#### Stored data entries
(* For every positive integer $n$, $$\sum_{j=1}^{n}\csc^8\left(\frac{\pi j}{2n+1}\right) = \frac{128(n+1)n(n^2+n+3)(3n^4+6n^3+7n^2+4n+15)}{14175}.$$ *)

theory Defs
  imports Complex_Main
begin

end

theory Submission
  imports Defs "HOL-Computational_Algebra.Polynomial"
begin

text \<open>
  With \<open>m = 2n + 1\<close>, the recurrence
  \<open>sin (a + 2t) = 2 (1 - 2 sin\<^sup>2 t) sin a - sin (a - 2t)\<close> shows
  \<open>sin (m t) = sin t \<cdot> U\<^sub>n (sin\<^sup>2 t)\<close> for a real polynomial \<open>U\<^sub>n\<close> (\<open>odd_sin_poly n\<close>)
  of degree \<open>n\<close>. Its roots are the \<open>n\<close> distinct numbers \<open>sin\<^sup>2 (\<pi> j / m)\<close>, \<open>1 \<le> j \<le> n\<close>,
  and \<open>U\<^sub>n(0) = m\<close>, so \<open>U\<^sub>n(x) = m \<Prod>\<^sub>j (1 - x csc\<^sup>2 (\<pi> j / m))\<close>. The low coefficients
  of \<open>U\<^sub>n\<close> are explicit polynomials in \<open>m\<close>, and Newton's identities turn the first
  four of them into the fourth power sum \<open>\<Sum>\<^sub>j csc\<^sup>8 (\<pi> j / m)\<close>.
\<close>

fun odd_sin_poly :: "nat \<Rightarrow> real poly" where
  "odd_sin_poly 0 = [:1:]"
| "odd_sin_poly (Suc 0) = [:3, -4:]"
| "odd_sin_poly (Suc (Suc n)) = [:2, -4:] * odd_sin_poly (Suc n) - odd_sin_poly n"

lemma sin_odd_multiple_eq:
  "sin ((2 * real n + 1) * t) = sin t * poly (odd_sin_poly n) (sin t ^ 2)"
proof -
  have step: "sin (a + 2 * t) = 2 * (1 - 2 * sin t ^ 2) * sin a - sin (a - 2 * t)" for a
    by (simp add: sin_add sin_diff cos_double_sin)
  show ?thesis
  proof (induction n rule: odd_sin_poly.induct)
    case 2
    show ?case using step[of t] by (simp add: algebra_simps)
  next
    case (3 n)
    show ?case
      using step[of "(2 * real (Suc n) + 1) * t"] 3 by (simp add: algebra_simps)
  qed simp
qed

lemma coeff_odd_sin_poly_above: "n < k \<Longrightarrow> coeff (odd_sin_poly n) k = 0"
proof (induction n arbitrary: k rule: odd_sin_poly.induct)
  case (3 n)
  then show ?case by (cases k) (simp_all add: coeff_pCons)
qed (auto simp: coeff_pCons split: nat.split)

lemma coeff_odd_sin_poly_self: "coeff (odd_sin_poly n) n = (-4) ^ n"
  by (induction n rule: odd_sin_poly.induct) (simp_all add: coeff_pCons coeff_odd_sin_poly_above)

lemma degree_odd_sin_poly: "degree (odd_sin_poly n) = n"
  by (rule antisym, rule degree_le)
    (simp_all add: le_degree coeff_odd_sin_poly_above coeff_odd_sin_poly_self)

lemma coeff_odd_sin_poly_0: "m = 2 * real n + 1 \<Longrightarrow> coeff (odd_sin_poly n) 0 = m"
  by (induction n arbitrary: m rule: odd_sin_poly.induct) simp_all

lemma coeff_odd_sin_poly_1:
  "m = 2 * real n + 1 \<Longrightarrow> coeff (odd_sin_poly n) 1 = - m * (m^2 - 1) / 6"
proof (induction n arbitrary: m rule: odd_sin_poly.induct)
  case (3 n)
  then show ?case
    by (simp add: coeff_pCons coeff_odd_sin_poly_0 field_simps) algebra
qed simp_all

lemma coeff_odd_sin_poly_2:
  "m = 2 * real n + 1 \<Longrightarrow> coeff (odd_sin_poly n) 2 = m * (m^2 - 1) * (m^2 - 9) / 120"
proof (induction n arbitrary: m rule: odd_sin_poly.induct)
  case (3 n)
  then show ?case
    by (simp add: coeff_pCons coeff_odd_sin_poly_1[OF refl, unfolded One_nat_def] field_simps) algebra
qed (simp_all add: numeral_2_eq_2)

lemma coeff_odd_sin_poly_3:
  "m = 2 * real n + 1 \<Longrightarrow>
     coeff (odd_sin_poly n) 3 = - m * (m^2 - 1) * (m^2 - 9) * (m^2 - 25) / 5040"
proof (induction n arbitrary: m rule: odd_sin_poly.induct)
  case (3 n)
  then show ?case
    by (simp add: coeff_pCons coeff_odd_sin_poly_2[OF refl] field_simps) algebra
qed (simp_all add: numeral_3_eq_3)

lemma coeff_odd_sin_poly_4:
  "m = 2 * real n + 1 \<Longrightarrow>
     coeff (odd_sin_poly n) 4 = m * (m^2 - 1) * (m^2 - 9) * (m^2 - 25) * (m^2 - 49) / 362880"
proof (induction n arbitrary: m rule: odd_sin_poly.induct)
  case (3 n)
  then show ?case
    by (simp add: coeff_pCons coeff_odd_sin_poly_3[OF refl] field_simps) algebra
qed (simp_all add: eval_nat_numeral)

lemma prod_reciprocal_roots_dvd:
  fixes p :: "'a::field poly" and s r :: "'b \<Rightarrow> 'a"
  assumes "finite A" "inj_on s A" "\<And>j. j \<in> A \<Longrightarrow> poly p (s j) = 0"
    and "\<And>j. j \<in> A \<Longrightarrow> r j * s j = 1"
  shows "(\<Prod>j\<in>A. [:1, - r j:]) dvd p"
  using assms
proof (induction A arbitrary: p rule: finite_induct)
  case empty
  then show ?case by simp
next
  case (insert a A)
  have "[:- s a, 1:] dvd p"
    using insert.prems by (simp flip: poly_eq_0_iff_dvd)
  moreover have ra: "r a \<noteq> 0"
    using insert.prems(3)[of a] by auto
  ultimately have "smult (- r a) [:- s a, 1:] dvd p"
    by (intro smult_dvd) simp_all
  moreover have "smult (- r a) [:- s a, 1:] = [:1, - r a:]"
    using insert.prems(3)[of a] by simp
  ultimately have "[:1, - r a:] dvd p"
    by simp
  then obtain q where q: "p = [:1, - r a:] * q" ..
  have "poly q (s j) = 0" if j: "j \<in> A" for j
  proof -
    have "s j \<noteq> s a"
      using insert.prems(1) insert.hyps(2) j by (auto simp: inj_on_def)
    then have "r a * s j \<noteq> r a * s a"
      using ra by simp
    then have "1 - r a * s j \<noteq> 0"
      using insert.prems(3)[of a] by simp
    then show ?thesis
      using insert.prems(2)[of j] j q by (simp add: mult.commute)
  qed
  then have "(\<Prod>j\<in>A. [:1, - r j:]) dvd q"
    using insert.IH[of q] insert.prems by (auto simp: inj_on_insert)
  then have "[:1, - r a:] * (\<Prod>j\<in>A. [:1, - r j:]) dvd [:1, - r a:] * q"
    by (rule mult_dvd_mono[OF dvd_refl])
  then show ?case
    using q insert.hyps by simp
qed

lemma linear_mult_geometric_poly:
  fixes x :: "'a::idom"
  shows "[:1, - x:] * (\<Sum>k<K. monom (x ^ (k + 1)) k) = [:x:] - monom (x ^ (K + 1)) K"
proof (induction K)
  case 0
  then show ?case by (simp add: monom_0)
next
  case (Suc K)
  have "[:1, - x:] * monom (x ^ (K + 1)) K = monom (x ^ (K + 1)) K - monom (x ^ (K + 2)) (Suc K)"
    by (simp add: poly_eq_iff coeff_monom coeff_pCons split: nat.split)
  with Suc show ?case
    by (simp add: distrib_left)
qed

lemma prod_linear_mult_power_sums:
  fixes r :: "'b \<Rightarrow> 'a::idom"
  assumes "finite A"
  shows "(\<Prod>j\<in>A. [:1, - r j:]) * (\<Sum>k<K. monom (\<Sum>j\<in>A. r j ^ (k + 1)) k)
     = - pderiv (\<Prod>j\<in>A. [:1, - r j:])
       - (\<Sum>j\<in>A. (\<Prod>i\<in>A - {j}. [:1, - r i:]) * monom (r j ^ (K + 1)) K)"
proof -
  define F where "F = (\<Prod>j\<in>A. [:1, - r j:])"
  define G where "G j = (\<Prod>i\<in>A - {j}. [:1, - r i:])" for j
  have "F * (\<Sum>k<K. monom (r j ^ (k + 1)) k) = G j * [:r j:] - G j * monom (r j ^ (K + 1)) K"
    if "j \<in> A" for j
  proof -
    have "F = [:1, - r j:] * G j"
      unfolding F_def G_def using assms that by (rule prod.remove)
    then have "F * (\<Sum>k<K. monom (r j ^ (k + 1)) k)
        = G j * ([:1, - r j:] * (\<Sum>k<K. monom (r j ^ (k + 1)) k))"
      by (simp only: mult_ac)
    then show ?thesis
      by (simp only: linear_mult_geometric_poly right_diff_distrib)
  qed
  then have "F * (\<Sum>k<K. monom (\<Sum>j\<in>A. r j ^ (k + 1)) k)
      = (\<Sum>j\<in>A. G j * [:r j:]) - (\<Sum>j\<in>A. G j * monom (r j ^ (K + 1)) K)"
    by (simp add: monom_sum sum.swap[of _ A] sum_distrib_left sum_subtractf)
  moreover have "pderiv F = - (\<Sum>j\<in>A. G j * [:r j:])"
    unfolding F_def G_def by (simp add: pderiv_prod pderiv_pCons sum_negf)
  ultimately show ?thesis
    unfolding F_def G_def by simp
qed

lemma newton_identity:
  fixes r :: "'b \<Rightarrow> 'a::idom"
  assumes "finite A"
  defines "F \<equiv> \<Prod>j\<in>A. [:1, - r j:]"
  shows "(\<Sum>i\<le>k. coeff F i * (\<Sum>j\<in>A. r j ^ (k - i + 1))) = - of_nat (Suc k) * coeff F (Suc k)"
proof -
  define S where "S = (\<Sum>l<Suc k. monom (\<Sum>j\<in>A. r j ^ (l + 1)) l)"
  define R where "R = (\<Sum>j\<in>A. (\<Prod>i\<in>A - {j}. [:1, - r i:]) * monom (r j ^ (Suc k + 1)) (Suc k))"
  have "F * S = - pderiv F - R"
    unfolding F_def S_def R_def using assms(1) by (rule prod_linear_mult_power_sums)
  then have "coeff (F * S) k = - coeff (pderiv F) k - coeff R k"
    by simp
  moreover have "coeff (F * S) k = (\<Sum>i\<le>k. coeff F i * (\<Sum>j\<in>A. r j ^ (k - i + 1)))"
    unfolding coeff_mult S_def by (intro sum.cong) (auto simp: coeff_sum coeff_monom)
  moreover have "coeff R k = 0"
    by (simp add: R_def coeff_sum mult.commute[of _ "monom _ _"] coeff_monom_mult)
  ultimately show ?thesis
    by (simp add: coeff_pderiv algebra_simps)
qed

lemma fourth_power_sum_eq_coeffs:
  fixes r :: "'b \<Rightarrow> 'a::idom"
  assumes "finite A"
  defines "F \<equiv> \<Prod>j\<in>A. [:1, - r j:]"
  shows "(\<Sum>j\<in>A. r j ^ 4) = coeff F 1 ^ 4 - 4 * coeff F 1 ^ 2 * coeff F 2 + 2 * coeff F 2 ^ 2
           + 4 * coeff F 1 * coeff F 3 - 4 * coeff F 4"
proof -
  define p where "p i = (\<Sum>j\<in>A. r j ^ i)" for i
  define a where "a i = coeff F i" for i
  have a0: "a 0 = 1"
    by (simp add: a_def F_def poly_prod flip: poly_0_coeff_0)
  have "(\<Sum>i\<le>k. a i * p (k - i + 1)) = - of_nat (Suc k) * a (Suc k)" for k
    unfolding a_def p_def F_def using assms(1) by (rule newton_identity)
  from this[of 0] this[of 1] this[of 2] this[of 3]
  have "p 1 = - a 1" "p 2 = - a 1 * p 1 - 2 * a 2" "p 3 = - a 1 * p 2 - a 2 * p 1 - 3 * a 3"
    "p 4 = - a 1 * p 3 - a 2 * p 2 - a 3 * p 1 - 4 * a 4"
    by (simp_all add: a0 eval_nat_numeral algebra_simps)
  then show ?thesis
    unfolding p_def[symmetric] a_def[symmetric]
    by (simp only:) (simp add: algebra_simps power2_eq_square power4_eq_xxxx)
qed

lemma poly_odd_sin_poly_sin_sq_eq_0:
  assumes "sin t \<noteq> 0" and "sin ((2 * real n + 1) * t) = 0"
  shows "poly (odd_sin_poly n) (sin t ^ 2) = 0"
  using assms by (simp add: sin_odd_multiple_eq)

lemma strict_mono_on_sin_sq: "strict_mono_on {0..pi/2} (\<lambda>x. sin x ^ 2)"
proof (rule strict_mono_onI)
  fix x y :: real
  assume "x \<in> {0..pi/2}" "y \<in> {0..pi/2}" "x < y"
  then show "sin x ^ 2 < sin y ^ 2"
    by (intro power_strict_mono sin_monotone_2pi) (auto intro: sin_ge_zero)
qed

lemma odd_sin_poly_eq_prod:
  "odd_sin_poly n
     = smult (2 * real n + 1) (\<Prod>j\<in>{1..n}. [:1, - (1 / sin (pi * real j / real (2 * n + 1)) ^ 2):])"
proof -
  define \<theta> where "\<theta> j = pi * real j / real (2 * n + 1)" for j
  define F where "F = (\<Prod>j\<in>{1..n}. [:1, - (1 / sin (\<theta> j) ^ 2):])"
  have \<theta>_range: "0 < \<theta> j" "\<theta> j < pi / 2" if "j \<in> {1..n}" for j
  proof -
    have "pi * (2 * real j) < pi * (2 * real n + 1)"
      using that by simp
    then show "0 < \<theta> j" "\<theta> j < pi / 2"
      using that by (auto simp: \<theta>_def field_simps)
  qed
  have sin_pos: "sin (\<theta> j) > 0" if "j \<in> {1..n}" for j
    using \<theta>_range[OF that] by (intro sin_gt_zero) auto
  have "strict_mono_on {1..n} \<theta>"
    by (rule strict_mono_onI) (simp add: \<theta>_def divide_strict_right_mono)
  then have "strict_mono_on {1..n} (\<lambda>j. sin (\<theta> j) ^ 2)"
    using strict_mono_on_sin_sq \<theta>_range
    by (auto simp: strict_mono_on_def less_imp_le)
  then have inj: "inj_on (\<lambda>j. sin (\<theta> j) ^ 2) {1..n}"
    by (rule strict_mono_on_imp_inj_on)
  have "(2 * real n + 1) * \<theta> j = real j * pi" for j
    by (simp add: \<theta>_def field_simps)
  then have roots: "poly (odd_sin_poly n) (sin (\<theta> j) ^ 2) = 0" if "j \<in> {1..n}" for j
    using sin_pos[OF that] by (intro poly_odd_sin_poly_sin_sq_eq_0) (auto simp: sin_npi)
  have "F dvd odd_sin_poly n"
    unfolding F_def using inj roots sin_pos[THEN less_imp_neq, THEN not_sym]
    by (intro prod_reciprocal_roots_dvd[where s = "\<lambda>j. sin (\<theta> j) ^ 2"
          and r = "\<lambda>j. 1 / sin (\<theta> j) ^ 2"]) (auto simp: field_simps)
  then obtain q where q: "odd_sin_poly n = F * q" ..
  have "degree F = (\<Sum>j\<in>{1..n}. degree [:1, - (1 / sin (\<theta> j) ^ 2):])"
    unfolding F_def by (rule degree_prod_sum_eq) simp
  also have "\<dots> = n"
    using sin_pos by (simp add: less_imp_neq[THEN not_sym])
  finally have "degree F = n" .
  moreover have "odd_sin_poly n \<noteq> 0"
    using coeff_odd_sin_poly_self[of n] by auto
  ultimately have "degree q = 0"
    using q degree_odd_sin_poly[of n] by (auto simp: degree_mult_eq)
  then have "q = [:coeff q 0:]"
    by (simp add: degree_0_id)
  moreover have "coeff F 0 = 1"
    by (simp add: F_def poly_prod flip: poly_0_coeff_0)
  moreover have "coeff (odd_sin_poly n) 0 = coeff F 0 * coeff q 0"
    using q by (simp add: coeff_mult_0)
  ultimately have "coeff q 0 = 2 * real n + 1"
    using coeff_odd_sin_poly_0[OF refl, of n] by simp
  then show ?thesis
    using q \<open>q = [:coeff q 0:]\<close> by (simp add: F_def \<theta>_def)
qed

lemma coeff_prod_csc_sq:
  fixes n :: nat
  defines "m \<equiv> 2 * real n + 1"
    and "F \<equiv> \<Prod>j\<in>{1..n}. [:1, - (1 / sin (pi * real j / real (2 * n + 1)) ^ 2):]"
  shows "coeff F 1 = - (m^2 - 1) / 6"
    and "coeff F 2 = (m^2 - 1) * (m^2 - 9) / 120"
    and "coeff F 3 = - (m^2 - 1) * (m^2 - 9) * (m^2 - 25) / 5040"
    and "coeff F 4 = (m^2 - 1) * (m^2 - 9) * (m^2 - 25) * (m^2 - 49) / 362880"
proof -
  have m: "m = 2 * real n + 1" and "m \<noteq> 0"
    by (simp_all add: m_def add_pos_nonneg)
  moreover have "odd_sin_poly n = smult m F"
    unfolding m_def F_def by (rule odd_sin_poly_eq_prod)
  ultimately have coeff_F: "coeff F k = coeff (odd_sin_poly n) k / m" for k
    by simp
  show "coeff F 1 = - (m^2 - 1) / 6"
    using \<open>m \<noteq> 0\<close> unfolding coeff_F coeff_odd_sin_poly_1[OF m] by (simp add: field_simps)
  show "coeff F 2 = (m^2 - 1) * (m^2 - 9) / 120"
    using \<open>m \<noteq> 0\<close> unfolding coeff_F coeff_odd_sin_poly_2[OF m] by (simp add: field_simps)
  show "coeff F 3 = - (m^2 - 1) * (m^2 - 9) * (m^2 - 25) / 5040"
    using \<open>m \<noteq> 0\<close> unfolding coeff_F coeff_odd_sin_poly_3[OF m] by (simp add: field_simps)
  show "coeff F 4 = (m^2 - 1) * (m^2 - 9) * (m^2 - 25) * (m^2 - 49) / 362880"
    using \<open>m \<noteq> 0\<close> unfolding coeff_F coeff_odd_sin_poly_4[OF m] by (simp add: field_simps)
qed

theorem mainTheorem14:
  fixes n :: nat
  assumes "n \<ge> 1"
  shows "(\<Sum>j=1..n. 1 / (sin (pi * real j / real (2*n+1))) ^ 8)
    = 128 * (real n + 1) * real n * ((real n)^2 + real n + 3)
      * (3 * (real n)^4 + 6 * (real n)^3 + 7 * (real n)^2 + 4 * real n + 15) / 14175"
proof -
  define r where "r j = 1 / sin (pi * real j / real (2 * n + 1)) ^ 2" for j
  define F where "F = (\<Prod>j\<in>{1..n}. [:1, - r j:])"
  have "(\<Sum>j=1..n. 1 / (sin (pi * real j / real (2*n+1))) ^ 8) = (\<Sum>j\<in>{1..n}. r j ^ 4)"
    by (simp add: r_def power_divide flip: power_mult)
  also have "\<dots> = coeff F 1 ^ 4 - 4 * coeff F 1 ^ 2 * coeff F 2 + 2 * coeff F 2 ^ 2
                   + 4 * coeff F 1 * coeff F 3 - 4 * coeff F 4"
    unfolding F_def by (rule fourth_power_sum_eq_coeffs) simp
  also have "\<dots> = 128 * (real n + 1) * real n * ((real n)^2 + real n + 3)
      * (3 * (real n)^4 + 6 * (real n)^3 + 7 * (real n)^2 + 4 * real n + 15) / 14175"
    unfolding F_def r_def coeff_prod_csc_sq by (simp add: field_simps) algebra
  finally show ?thesis .
qed

end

#### What to work on
Only exact copies of the lines from the one containing "by (simp add: r_def power_divide" to the end of the records belong in the answer.

#### Answer to the exercise
    by (simp add: r_def power_divide flip: power_mult)
  also have "\<dots> = coeff F 1 ^ 4 - 4 * coeff F 1 ^ 2 * coeff F 2 + 2 * coeff F 2 ^ 2
                   + 4 * coeff F 1 * coeff F 3 - 4 * coeff F 4"
    unfolding F_def by (rule fourth_power_sum_eq_coeffs) simp
  also have "\<dots> = 128 * (real n + 1) * real n * ((real n)^2 + real n + 3)
      * (3 * (real n)^4 + 6 * (real n)^3 + 7 * (real n)^2 + 4 * real n + 15) / 14175"
    unfolding F_def r_def coeff_prod_csc_sq by (simp add: field_simps) algebra
  finally show ?thesis .
qed

end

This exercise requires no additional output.